At a retreat later that year, members of the network were asked to
articulate their visions for society. One suggested a “real peace
movement,” according to minutes of the meeting. “Rewards for altruism,”
another said. Mr. de Blasio suggested “democratic socialism.”
In a recent interview, Mr. de Blasio said his views then — and now —
represented a mix of admiration for European social democratic
movements, Mr. Roosevelt’s New Deal and liberation theology.
Mr. de Blasio remained supportive of the Sandinistas, often referred to
by their acronym, F.S.L.N., even after they lost power. “People who had
shallow party sympathies with the F.S.L.N. pretty much dropped
everything when they lost,” said Jane Guskin, a fellow activist in the
solidarity group. “Bill wasn’t like that.”
He has remained interested in Latin America — he even honeymooned in
Cuba (in violation of a United States travel ban). To this day, he
speaks admiringly of the Sandinistas’ campaign, noting advances in
literacy and health care. “They had a youthful energy and idealism mixed
with a human ability and practicality that was really inspirational,” he
said.
But Mr. de Blasio said he was also not blind to the party’s
imperfections. He said the revolutionary leaders were “not free enough
by any stretch of the imagination,” pointing to their efforts to crack
down on dissent by shuttering newspapers and radio stations.
A Shift in Focus
By the beginning of 1990, Mr. de Blasio had a foot in two worlds —
government official by day, activist by night.
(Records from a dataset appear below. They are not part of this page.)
definition artinian_quot :: "'a::comm_ring_1 poly3 list \<Rightarrow> bool" where
  "artinian_quot gs \<longleftrightarrow> (\<exists>D. \<forall>d\<ge>D. \<forall>f. homog d f \<longrightarrow> f \<in> gen_ideal gs)"

definition mult_injective :: "'a::comm_ring_1 poly3 list \<Rightarrow> 'a poly3 \<Rightarrow> nat \<Rightarrow> bool" where
  "mult_injective gs L d \<longleftrightarrow>
     (\<forall>f. homog d f \<longrightarrow> L * f \<in> gen_ideal gs \<longrightarrow> f \<in> gen_ideal gs)"

definition mult_surjective :: "'a::comm_ring_1 poly3 list \<Rightarrow> 'a poly3 \<Rightarrow> nat \<Rightarrow> bool" where
  "mult_surjective gs L d \<longleftrightarrow>
     (\<forall>g. homog (Suc d) g \<longrightarrow> (\<exists>f. homog d f \<and> g - L * f \<in> gen_ideal gs))"

text \<open>Weak Lefschetz property of the graded Artinian algebra R/I, I = (gs),
  gs homogeneous.  A linear form of A is the class of a linear form of R.\<close>
definition has_WLP :: "'a::comm_ring_1 poly3 list \<Rightarrow> bool" where
  "has_WLP gs \<longleftrightarrow> artinian_quot gs \<and>
     (\<exists>L. homog 1 L \<and> (\<forall>d. mult_injective gs L d \<or> mult_surjective gs L d))"

end

theory Submission
  imports Defs
begin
He was becoming a part of the institution he had railed against — the
establishment — as a low-level aide to Mr. Dinkins in City Hall. On the
side, he helped raise funds for the Nicaragua Solidarity Network and
forge alliances between New York and Nicaraguan labor unions.
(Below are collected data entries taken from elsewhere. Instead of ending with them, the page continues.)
(* Let $\mathcal{X}$ be a totally ordered set equipped with a $\sigma$-algebra $\mathcal{F}$, let $n\ge 1$, and let $\mathcal{S}_{n,\bm{\nu}}$ be the set of labelings $\sigma:\{1,\dots,n\}\to\{1,\dots,K\}$ with $|\sigma^{-1}(k)|=n\nu_k$ for each $k$, for a fixed vector of group proportions $\bm{\nu}=(\nu_1,\dots,\nu_K)$. For $\theta\in\{0,1\}$ and $k\in\{1,\dots,K\}$ let $P_{\theta,k}$ be probability measures on $(\mathcal{X},\mathcal{F})$ with densities $p_{\theta,k}$ with respect to a common $\sigma$-finite measure (probability mass functions in the discrete case), and for $\sigma\in\mathcal{S}_{n,\bm{\nu}}$ let $\mathbb{P}_{\theta;\sigma}=\bigotimes_{i=1}^n P_{\theta,\sigma(i)}$ on $(\mathcal{X}^n,\mathcal{F}^{\otimes n})$, with density $\mathbb{P}_{\theta;\sigma}(x^n)=\prod_{i=1}^n p_{\theta,\sigma(i)}(x_i)$. Consider the composite (anonymous) hypothesis testing problem $\mathcal{H}_\theta: X^n\sim \mathbb{P}_{\theta;\sigma}$ for some unknown $\sigma\in\mathcal{S}_{n,\bm{\nu}}$, $\theta\in\{0,1\}$. For a test $\phi:\mathcal{X}^n\to[0,1]$ define $\mathsf{P_F}(\phi)=\max_{\sigma\in\mathcal{S}_{n,\bm{\nu}}}\mathbb{E}_{\mathbb{P}_{0;\sigma}}[\phi(X^n)]$ and $\mathsf{P_M}(\phi)=\max_{\sigma\in\mathcal{S}_{n,\bm{\nu}}}\mathbb{E}_{\mathbb{P}_{1;\sigma}}[1-\phi(X^n)]$. Define the mixture likelihood ratio $\ell(x^n)=\frac{\sum_{\sigma\in\mathcal{S}_{n,\bm{\nu}}}\mathbb{P}_{1;\sigma}(x^n)}{\sum_{\sigma\in\mathcal{S}_{n,\bm{\nu}}}\mathbb{P}_{0;\sigma}(x^n)}$ and, for a threshold $\tau\ge 0$ and $\gamma\in[0,1]$, the mixture likelihood ratio test $\phi^*(x^n)=1$ if $\ell(x^n)>\tau$, $\phi^*(x^n)=\gamma$ if $\ell(x^n)=\tau$, $\phi^*(x^n)=0$ if $\ell(x^n)<\tau$. Then among all symmetric tests, $\phi^*$ is optimal: for every symmetric test $\phi$ with $\mathsf{P_F}(\phi)\le \mathsf{P_F}(\phi^* )$ one has $\mathsf{P_M}(\phi)\ge \mathsf{P_M}(\phi^* )$.
   Context: The ordering map $\Pi:\mathcal{X}^n\to\tilde{\mathcal{X}}^n$, where $\tilde{\mathcal{X}}^n=\{x^n\in\mathcal{X}^n: x_1\ge x_2\ge\dots\ge x_n\}$ with $\sigma$-algebra $\tilde{\mathcal{F}}=\mathcal{F}^{\otimes n}\cap\tilde{\mathcal{X}}^n$, sends $x^n$ to the rearrangement $(x_{i_1},\dots,x_{i_n})$ of its coordinates with $x_{i_1}\ge\dots\ge x_{i_n}$. A test $\phi:\mathcal{X}^n\to[0,1]$ is called symmetric if $\phi=\tilde{\phi}\circ\Pi$ for some measurable $\tilde{\phi}:\tilde{\mathcal{X}}^n\to[0,1]$, i.e. $\phi$ takes the same value on $x^n$ and all its coordinate permutations. Optimality is meant in the Neyman–Pearson sense with the worst-case (over $\sigma$) error probabilities defined in the claim. *)

theory Defs
  imports "HOL-Probability.Probability"
begin

definition labelings :: "nat \<Rightarrow> nat \<Rightarrow> (nat \<Rightarrow> real) \<Rightarrow> (nat \<Rightarrow> nat) set" where
  "labelings n K \<nu> = {\<sigma> \<in> {1..n} \<rightarrow>\<^sub>E {1..K}.
      \<forall>k\<in>{1..K}. real (card {i\<in>{1..n}. \<sigma> i = k}) = real n * \<nu> k}"

abbreviation Xn :: "'a measure \<Rightarrow> nat \<Rightarrow> (nat \<Rightarrow> 'a) measure" where
  "Xn \<mu> n \<equiv> PiM {1..n} (\<lambda>_. \<mu>)"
Mr. de Blasio’s answering machine greetings in those days seemed to
reflect a search for meaning. Every few weeks, he recorded a new
message, incorporating a quote to reflect his mood — a passage from
classic literature, lyrics from a song or stanzas of a poem.
Increasingly, he was distressed by what he saw as “timidity” in the
Democratic Party, as it moved to the political center in the dawning of
the Clinton era, and he thought the government should be doing more to
help low-income workers and maintain higher tax rates.
In 1991, at one of his final meetings with the Nicaragua Solidarity
Network, he argued that the liberal values the group had defended were
“far from dead” around the world, with blossoming movements in places
like Mexico, the Philippines, El Salvador and Brazil, according to
minutes of the meeting. He spoke of a need to understand and build
alliances with Islam, predicting it would soon be a dominant force in
politics.
Over time, he became more focused on his city job, and using the tools
of government to effect change. The answering machine messages stopped
changing. He no longer attended meetings about Nicaragua.
His friends in the solidarity movement were puzzled. At a meeting early
in 1992, Mr. de Blasio was marked absent. A member scribbled a note next
to his name: “Must be running for office.”